### Data
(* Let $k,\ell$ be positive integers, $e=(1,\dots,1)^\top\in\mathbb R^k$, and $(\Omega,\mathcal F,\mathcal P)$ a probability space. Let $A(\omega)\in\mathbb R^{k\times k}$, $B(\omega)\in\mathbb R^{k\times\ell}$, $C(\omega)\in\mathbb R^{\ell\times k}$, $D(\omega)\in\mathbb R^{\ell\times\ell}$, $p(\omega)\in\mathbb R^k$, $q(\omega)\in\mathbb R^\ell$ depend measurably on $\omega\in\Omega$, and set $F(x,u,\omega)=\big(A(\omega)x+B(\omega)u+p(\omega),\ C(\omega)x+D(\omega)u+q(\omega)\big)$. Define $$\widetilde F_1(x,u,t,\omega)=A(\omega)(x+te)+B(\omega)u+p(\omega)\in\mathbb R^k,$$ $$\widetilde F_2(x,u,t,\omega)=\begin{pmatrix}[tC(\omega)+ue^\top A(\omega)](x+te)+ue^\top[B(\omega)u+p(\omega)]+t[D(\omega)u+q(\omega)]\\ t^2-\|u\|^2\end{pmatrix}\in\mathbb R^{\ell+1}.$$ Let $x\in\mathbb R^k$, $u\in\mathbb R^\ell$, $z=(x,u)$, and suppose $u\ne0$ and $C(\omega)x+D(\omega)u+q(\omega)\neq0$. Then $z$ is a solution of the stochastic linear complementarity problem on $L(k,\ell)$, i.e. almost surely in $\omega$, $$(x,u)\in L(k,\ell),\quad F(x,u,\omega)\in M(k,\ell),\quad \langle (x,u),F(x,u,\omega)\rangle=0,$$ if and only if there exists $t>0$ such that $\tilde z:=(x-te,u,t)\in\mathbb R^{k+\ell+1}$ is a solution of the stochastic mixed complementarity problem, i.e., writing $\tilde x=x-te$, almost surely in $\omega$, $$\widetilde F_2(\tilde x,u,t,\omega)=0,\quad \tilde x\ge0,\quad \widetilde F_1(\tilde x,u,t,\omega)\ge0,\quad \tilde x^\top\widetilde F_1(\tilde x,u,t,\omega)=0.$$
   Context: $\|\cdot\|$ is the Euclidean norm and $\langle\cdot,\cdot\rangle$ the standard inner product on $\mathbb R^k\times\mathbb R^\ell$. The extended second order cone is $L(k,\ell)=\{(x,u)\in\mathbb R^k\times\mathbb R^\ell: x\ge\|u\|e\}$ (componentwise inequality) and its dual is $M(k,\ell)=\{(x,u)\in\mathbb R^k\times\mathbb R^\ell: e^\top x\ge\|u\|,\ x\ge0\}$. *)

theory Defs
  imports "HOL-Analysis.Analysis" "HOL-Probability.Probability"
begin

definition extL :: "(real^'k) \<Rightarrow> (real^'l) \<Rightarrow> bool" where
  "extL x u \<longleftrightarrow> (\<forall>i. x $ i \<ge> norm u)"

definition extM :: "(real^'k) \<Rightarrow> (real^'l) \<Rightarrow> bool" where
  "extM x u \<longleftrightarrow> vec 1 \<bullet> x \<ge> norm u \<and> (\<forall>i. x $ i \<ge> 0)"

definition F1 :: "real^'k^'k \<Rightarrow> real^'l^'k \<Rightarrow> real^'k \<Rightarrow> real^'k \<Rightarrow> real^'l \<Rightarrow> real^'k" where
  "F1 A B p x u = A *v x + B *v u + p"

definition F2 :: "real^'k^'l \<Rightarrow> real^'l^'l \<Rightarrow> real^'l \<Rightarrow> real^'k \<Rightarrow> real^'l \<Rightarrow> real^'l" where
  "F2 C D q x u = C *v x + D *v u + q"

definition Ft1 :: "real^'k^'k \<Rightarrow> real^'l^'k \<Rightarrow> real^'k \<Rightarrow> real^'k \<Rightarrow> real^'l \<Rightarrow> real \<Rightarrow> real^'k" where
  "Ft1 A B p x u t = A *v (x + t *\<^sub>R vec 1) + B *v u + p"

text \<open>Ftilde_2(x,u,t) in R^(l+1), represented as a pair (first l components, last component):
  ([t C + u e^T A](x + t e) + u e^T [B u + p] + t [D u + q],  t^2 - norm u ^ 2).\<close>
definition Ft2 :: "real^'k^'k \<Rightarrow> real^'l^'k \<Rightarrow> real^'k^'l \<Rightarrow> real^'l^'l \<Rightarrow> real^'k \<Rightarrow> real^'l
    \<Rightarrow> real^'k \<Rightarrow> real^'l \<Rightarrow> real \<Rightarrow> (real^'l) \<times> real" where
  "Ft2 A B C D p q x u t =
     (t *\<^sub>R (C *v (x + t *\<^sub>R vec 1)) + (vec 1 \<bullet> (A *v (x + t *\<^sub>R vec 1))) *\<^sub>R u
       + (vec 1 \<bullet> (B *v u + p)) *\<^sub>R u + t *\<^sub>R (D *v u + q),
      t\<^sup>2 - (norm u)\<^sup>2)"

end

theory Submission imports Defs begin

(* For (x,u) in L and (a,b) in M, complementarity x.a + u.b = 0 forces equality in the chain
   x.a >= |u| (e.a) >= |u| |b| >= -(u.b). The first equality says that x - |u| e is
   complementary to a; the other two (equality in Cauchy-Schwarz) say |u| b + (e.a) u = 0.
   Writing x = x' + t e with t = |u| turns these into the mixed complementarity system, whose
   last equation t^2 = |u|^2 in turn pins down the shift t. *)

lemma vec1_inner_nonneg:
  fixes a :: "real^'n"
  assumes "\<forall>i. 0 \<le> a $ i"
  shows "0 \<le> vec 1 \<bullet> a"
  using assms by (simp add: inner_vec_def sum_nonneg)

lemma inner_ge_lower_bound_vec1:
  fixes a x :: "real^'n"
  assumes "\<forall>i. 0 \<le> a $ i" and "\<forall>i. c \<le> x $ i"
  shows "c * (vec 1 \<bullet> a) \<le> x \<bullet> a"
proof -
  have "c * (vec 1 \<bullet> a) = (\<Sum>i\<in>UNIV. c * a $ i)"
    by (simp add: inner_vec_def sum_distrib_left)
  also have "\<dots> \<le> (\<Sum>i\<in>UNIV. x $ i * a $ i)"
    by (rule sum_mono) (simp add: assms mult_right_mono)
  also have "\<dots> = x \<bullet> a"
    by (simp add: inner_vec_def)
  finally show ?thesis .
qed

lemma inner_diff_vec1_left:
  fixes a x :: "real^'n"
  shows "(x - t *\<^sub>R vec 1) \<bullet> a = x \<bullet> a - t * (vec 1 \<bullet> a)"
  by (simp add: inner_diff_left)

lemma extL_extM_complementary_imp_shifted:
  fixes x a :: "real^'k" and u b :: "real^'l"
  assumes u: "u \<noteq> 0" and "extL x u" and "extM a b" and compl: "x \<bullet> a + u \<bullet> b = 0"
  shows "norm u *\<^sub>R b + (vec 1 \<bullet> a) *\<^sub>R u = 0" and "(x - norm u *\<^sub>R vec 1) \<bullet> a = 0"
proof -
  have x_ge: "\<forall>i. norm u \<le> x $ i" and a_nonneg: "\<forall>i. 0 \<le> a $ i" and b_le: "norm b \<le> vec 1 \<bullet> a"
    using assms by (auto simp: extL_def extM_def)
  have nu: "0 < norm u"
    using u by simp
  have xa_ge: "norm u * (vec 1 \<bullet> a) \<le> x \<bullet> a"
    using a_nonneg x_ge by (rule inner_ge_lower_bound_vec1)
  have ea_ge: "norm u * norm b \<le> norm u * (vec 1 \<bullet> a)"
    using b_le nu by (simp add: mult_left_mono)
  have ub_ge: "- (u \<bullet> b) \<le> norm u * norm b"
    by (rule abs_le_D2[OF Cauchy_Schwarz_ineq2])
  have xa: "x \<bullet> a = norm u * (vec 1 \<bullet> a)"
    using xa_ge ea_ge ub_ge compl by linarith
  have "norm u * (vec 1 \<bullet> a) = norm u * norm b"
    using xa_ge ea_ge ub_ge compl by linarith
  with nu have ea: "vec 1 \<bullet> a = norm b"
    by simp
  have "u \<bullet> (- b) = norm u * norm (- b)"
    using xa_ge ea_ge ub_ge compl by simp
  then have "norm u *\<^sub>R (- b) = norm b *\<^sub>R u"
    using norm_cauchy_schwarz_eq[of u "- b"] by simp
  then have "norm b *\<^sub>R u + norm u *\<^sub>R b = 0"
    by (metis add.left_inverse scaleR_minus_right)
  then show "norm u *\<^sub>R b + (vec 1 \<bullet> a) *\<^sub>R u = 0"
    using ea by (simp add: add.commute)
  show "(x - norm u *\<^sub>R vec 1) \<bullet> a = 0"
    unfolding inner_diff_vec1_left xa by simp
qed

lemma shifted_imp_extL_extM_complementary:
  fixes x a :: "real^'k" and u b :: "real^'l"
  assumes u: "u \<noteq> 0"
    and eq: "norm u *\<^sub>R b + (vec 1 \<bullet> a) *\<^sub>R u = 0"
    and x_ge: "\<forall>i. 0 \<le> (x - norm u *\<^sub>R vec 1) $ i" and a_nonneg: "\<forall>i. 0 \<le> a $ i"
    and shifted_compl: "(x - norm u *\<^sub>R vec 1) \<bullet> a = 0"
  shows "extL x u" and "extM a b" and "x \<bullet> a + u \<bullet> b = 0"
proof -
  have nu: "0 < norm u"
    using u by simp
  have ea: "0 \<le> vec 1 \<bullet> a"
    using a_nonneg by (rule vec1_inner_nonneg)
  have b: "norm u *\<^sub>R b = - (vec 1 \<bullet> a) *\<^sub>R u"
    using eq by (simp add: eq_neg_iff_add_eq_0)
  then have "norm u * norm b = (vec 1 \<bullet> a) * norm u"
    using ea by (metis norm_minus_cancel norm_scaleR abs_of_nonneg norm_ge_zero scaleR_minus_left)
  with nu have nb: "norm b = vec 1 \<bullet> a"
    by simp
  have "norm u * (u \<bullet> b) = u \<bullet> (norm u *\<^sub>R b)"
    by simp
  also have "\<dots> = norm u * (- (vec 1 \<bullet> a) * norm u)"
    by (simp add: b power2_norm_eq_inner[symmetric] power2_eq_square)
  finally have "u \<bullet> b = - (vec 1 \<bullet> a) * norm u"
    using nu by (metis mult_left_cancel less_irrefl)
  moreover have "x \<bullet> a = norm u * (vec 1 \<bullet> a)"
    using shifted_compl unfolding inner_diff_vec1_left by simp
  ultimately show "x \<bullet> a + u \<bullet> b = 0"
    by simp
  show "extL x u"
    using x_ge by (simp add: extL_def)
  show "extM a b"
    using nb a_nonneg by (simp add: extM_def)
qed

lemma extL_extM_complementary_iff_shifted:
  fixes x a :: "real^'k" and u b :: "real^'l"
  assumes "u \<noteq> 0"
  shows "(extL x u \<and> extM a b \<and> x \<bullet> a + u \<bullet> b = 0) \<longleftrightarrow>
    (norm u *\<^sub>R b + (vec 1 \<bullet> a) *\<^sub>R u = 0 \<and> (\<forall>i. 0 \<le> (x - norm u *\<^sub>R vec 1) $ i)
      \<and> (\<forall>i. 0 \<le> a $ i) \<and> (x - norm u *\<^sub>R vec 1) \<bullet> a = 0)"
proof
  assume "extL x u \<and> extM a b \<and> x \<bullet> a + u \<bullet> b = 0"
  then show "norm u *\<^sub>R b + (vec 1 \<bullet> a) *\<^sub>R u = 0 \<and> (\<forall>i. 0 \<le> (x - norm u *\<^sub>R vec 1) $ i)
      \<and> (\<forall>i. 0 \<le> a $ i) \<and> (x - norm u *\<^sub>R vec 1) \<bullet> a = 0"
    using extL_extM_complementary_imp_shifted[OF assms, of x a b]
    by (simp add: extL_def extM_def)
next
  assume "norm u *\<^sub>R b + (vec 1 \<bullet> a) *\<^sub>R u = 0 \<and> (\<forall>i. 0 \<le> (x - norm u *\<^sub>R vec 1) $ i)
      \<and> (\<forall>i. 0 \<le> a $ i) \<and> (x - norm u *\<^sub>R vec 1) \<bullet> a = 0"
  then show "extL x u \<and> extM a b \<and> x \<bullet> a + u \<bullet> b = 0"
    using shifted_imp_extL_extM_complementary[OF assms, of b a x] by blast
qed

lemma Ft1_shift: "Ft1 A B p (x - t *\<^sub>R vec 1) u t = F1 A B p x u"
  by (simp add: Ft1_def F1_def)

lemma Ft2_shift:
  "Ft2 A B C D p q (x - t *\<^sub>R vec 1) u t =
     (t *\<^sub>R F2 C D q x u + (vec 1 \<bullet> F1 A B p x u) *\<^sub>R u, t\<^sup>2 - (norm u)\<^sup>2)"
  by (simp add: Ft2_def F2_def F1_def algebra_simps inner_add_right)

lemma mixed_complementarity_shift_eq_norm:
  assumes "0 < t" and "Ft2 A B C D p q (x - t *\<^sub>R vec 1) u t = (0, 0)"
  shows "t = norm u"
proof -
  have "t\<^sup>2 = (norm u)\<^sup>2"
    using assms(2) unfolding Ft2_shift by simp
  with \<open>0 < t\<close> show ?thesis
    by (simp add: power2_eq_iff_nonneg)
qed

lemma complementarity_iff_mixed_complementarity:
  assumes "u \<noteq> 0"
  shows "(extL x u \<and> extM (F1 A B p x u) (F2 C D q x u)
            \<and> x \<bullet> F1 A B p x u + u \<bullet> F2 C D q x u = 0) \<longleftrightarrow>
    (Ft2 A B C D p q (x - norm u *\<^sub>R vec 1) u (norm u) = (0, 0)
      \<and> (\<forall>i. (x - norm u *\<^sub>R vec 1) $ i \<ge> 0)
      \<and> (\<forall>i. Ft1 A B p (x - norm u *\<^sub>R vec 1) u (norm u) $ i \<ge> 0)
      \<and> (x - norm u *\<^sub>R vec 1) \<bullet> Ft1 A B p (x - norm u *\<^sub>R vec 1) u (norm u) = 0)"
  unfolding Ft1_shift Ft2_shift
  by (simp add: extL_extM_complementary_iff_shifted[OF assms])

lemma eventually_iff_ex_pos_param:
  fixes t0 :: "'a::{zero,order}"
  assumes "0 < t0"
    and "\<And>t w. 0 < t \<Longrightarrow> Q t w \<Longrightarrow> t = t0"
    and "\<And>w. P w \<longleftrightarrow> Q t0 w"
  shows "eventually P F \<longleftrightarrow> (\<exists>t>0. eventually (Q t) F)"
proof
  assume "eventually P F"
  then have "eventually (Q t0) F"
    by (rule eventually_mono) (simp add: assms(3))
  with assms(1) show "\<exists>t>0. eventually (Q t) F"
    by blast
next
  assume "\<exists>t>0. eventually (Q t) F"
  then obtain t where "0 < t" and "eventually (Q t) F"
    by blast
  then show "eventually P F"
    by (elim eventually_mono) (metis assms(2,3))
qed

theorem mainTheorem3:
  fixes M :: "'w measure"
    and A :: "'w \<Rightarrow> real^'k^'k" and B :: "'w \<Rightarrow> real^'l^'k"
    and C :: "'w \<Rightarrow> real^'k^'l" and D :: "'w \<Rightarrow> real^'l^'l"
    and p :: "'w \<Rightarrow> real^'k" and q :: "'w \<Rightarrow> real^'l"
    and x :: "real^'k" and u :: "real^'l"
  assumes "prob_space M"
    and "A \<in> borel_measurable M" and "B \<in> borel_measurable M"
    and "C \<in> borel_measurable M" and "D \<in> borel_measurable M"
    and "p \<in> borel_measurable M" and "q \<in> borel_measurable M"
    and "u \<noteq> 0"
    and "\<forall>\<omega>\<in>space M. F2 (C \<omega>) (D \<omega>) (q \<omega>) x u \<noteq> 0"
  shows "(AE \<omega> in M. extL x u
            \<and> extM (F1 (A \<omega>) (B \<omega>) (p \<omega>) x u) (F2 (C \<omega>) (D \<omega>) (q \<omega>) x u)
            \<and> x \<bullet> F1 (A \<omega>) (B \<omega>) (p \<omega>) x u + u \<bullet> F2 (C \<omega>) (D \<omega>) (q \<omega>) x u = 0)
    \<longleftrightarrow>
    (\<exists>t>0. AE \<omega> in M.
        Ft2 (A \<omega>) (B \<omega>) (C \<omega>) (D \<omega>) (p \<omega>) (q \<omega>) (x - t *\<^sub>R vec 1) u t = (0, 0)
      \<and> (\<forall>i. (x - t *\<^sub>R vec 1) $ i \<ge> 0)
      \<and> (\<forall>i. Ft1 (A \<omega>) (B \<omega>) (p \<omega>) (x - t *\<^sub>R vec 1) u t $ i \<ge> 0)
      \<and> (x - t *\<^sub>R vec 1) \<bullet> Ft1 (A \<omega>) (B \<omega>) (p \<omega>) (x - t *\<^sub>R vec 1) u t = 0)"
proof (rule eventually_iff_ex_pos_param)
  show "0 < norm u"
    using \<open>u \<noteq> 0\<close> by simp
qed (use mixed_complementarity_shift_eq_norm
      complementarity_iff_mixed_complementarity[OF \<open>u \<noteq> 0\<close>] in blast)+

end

### Exercise goal
Look through the entries above; copy each line where the string "close" appears.

### Problem solution
  ([t C + u e^T A](x + t e) + u e^T [B u + p] + t [D u + q],  t^2 - norm u ^ 2).\<close>
  with \<open>0 < t\<close> show ?thesis
    using \<open>u \<noteq> 0\<close> by simp
      complementarity_iff_mixed_complementarity[OF \<open>u \<noteq> 0\<close>] in blast)+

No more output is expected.